If I understood Councillor MALLORY correctly, she was reassuring Councillor RANDERSON that it was unnecessary for the Council to have taken a charge on the land because the Council is the freehold owner of the land and would therefore automatically repossess it in the event of Benchmark Leisure Ltd defaulting on the lease due to insolvency.
This makes sense; the Council holds the land in freehold and must surely retain that freehold ownership regardless of whether or not Benchmark Leisure Ltd defaults.
But what of the outstanding £9 million “loan”? How could that be recovered?
Analysis
I am not about to suggest that Councillor MALLORY was being in any way disingenuous when she read out her Report from her i-Pad (though I did find it extraordinary that when Councillor RANDERSON pressed her for clarification, the best she could do was read out a part of her Report again, without offering any further insights at all).
But did Councillor MALLORY write that Report? Does she understand it? Do any of the Councillors understand it? I do not. But I do know that it is a rare event indeed when a Cabinet Portfolio Holder actually writes a Report bearing her/his own signature. (And even rarer that all 49 other Councillors should actually bother to read it – much less challenge it).
What I fail to see is this: How does the Council’s freehold ownership of the land provide any security whatsoever for the Council’s recovery from Benchmark Leisure Ltd of the £9 million “loan”?
In the following paragraphs, readers will presently see why I have repeatedly highlighted the word “loan” in the preceding text.
The 30th June 2016 Accounts of Benchmark Leisure Ltd, with their associated Current Liabilities Note 5, do not disclose any Liability in respect of an outstanding “loan”.
This conflicts with Councillor MALLORY’s representation of the circumstances. She refers to a “loan” repeatedly (though she also refers to protecting the Council’s financial “investment”).
SBC – the body corporate – repeatedly uses the term “loan” in Minutes and Reports.
The SBC (draft) Accounts of 31st March 2016 confirm a “loan” to Benchmark Leisure Ltd with an outstanding balance of £5.966 million.
The SBC (draft) Accounts 31st March 2017 confirm the same, with an outstanding balance of £8.564 million (in round terms, the eponymous £9 million).
However, in the Notes to the Accounts (2016, page 115; 2017, page 113), SBC resorts to a different form of words – a long-term “investment”.
This is passing curious, because a “loan” and an “investment” are two very different types of transaction – so different that they are more-or-less mutually exclusive.

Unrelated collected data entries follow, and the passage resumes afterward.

(* Let $\alpha$ be a nonzero real number. A regular curve in $\mathbb S^2$ with constant curvature, not passing through $N$, is an $\alpha$-stationary curve if and only if one of the following holds: (1) it is contained in a geodesic (great circle) passing through $N$ (this case occurs for every value of $\alpha$); (2) it is contained in a circle of radius $r\in(0,\pi)$ centered at $N$ and $\alpha=-r\cot(r)$.
   Context: $\mathbb S^2\subset\mathbb R^3$ is the unit sphere with the Euclidean inner product. It is parametrized by $\Psi(u,v)=(\sin u\cos v,\sin u\sin v,\cos u)$, and $N=(0,0,1)$. The spherical distance from $\Psi(u,v)$ to $N$ is $u\in[0,\pi]$. The circle of radius $r$ centered at $N$ is $\{\Psi(r,v)\}$. For a regular curve $\gamma(t)=\Psi(u(t),v(t))$, the unit normal is $\mathbf n=(\gamma'\times\gamma)/|\gamma'|$ and the curvature is $\kappa=\langle\gamma'',\mathbf n\rangle/|\gamma'|^2$. The energy is $$E_\alpha[\gamma]=\int_\gamma \mathsf d^\alpha ds=\int u^\alpha\sqrt{u'^2+\sin^2(u)v'^2}\,dt,$$ where $\mathsf d$ is the distance to $N$. An $\alpha$-stationary curve is a critical point of $E_\alpha$, i.e. $(u,v)$ satisfies its Euler–Lagrange equations. Throughout the paper, $\alpha\ne0$ and curves avoid $N$. *)

theory Defs
  imports "HOL-Analysis.Analysis" "HOL-Analysis.Cross3"
begin

definition Psi :: "real \<Rightarrow> real \<Rightarrow> real^3" where
  "Psi u v = vector [sin u * cos v, sin u * sin v, cos u]"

Without wishing to wax too legalistic, I draw reader’s attention to two definitions available on the internet from a free legal dictionary website:
My layman’s understanding of this is best expressed by the following hypothetical scenario:
You wish to start a business, but your available capital will not suffice for you to proceed as far as trading (generating income). You need more capital.
[A] You could ask me for a “loan” (interest rate and repayment schedule to be agreed), in which case, you will be duty-bound to repay me – whether the business succeeds or fails. To be clear, in the event that the business fails, you will still be duty-bound to repay me – though how I may enforce that repayment remains a moot point.
[B] You could invite me to stake an “investment” in your business (profit-sharing to be agreed), in which case, my “investment” undertakes the same risk as yours – namely, the risk of total loss it in the event that the business fails.
[A] offers some (slight) prospect of recovering the “loan”; [B] offers no prospect of recovering the “investment”.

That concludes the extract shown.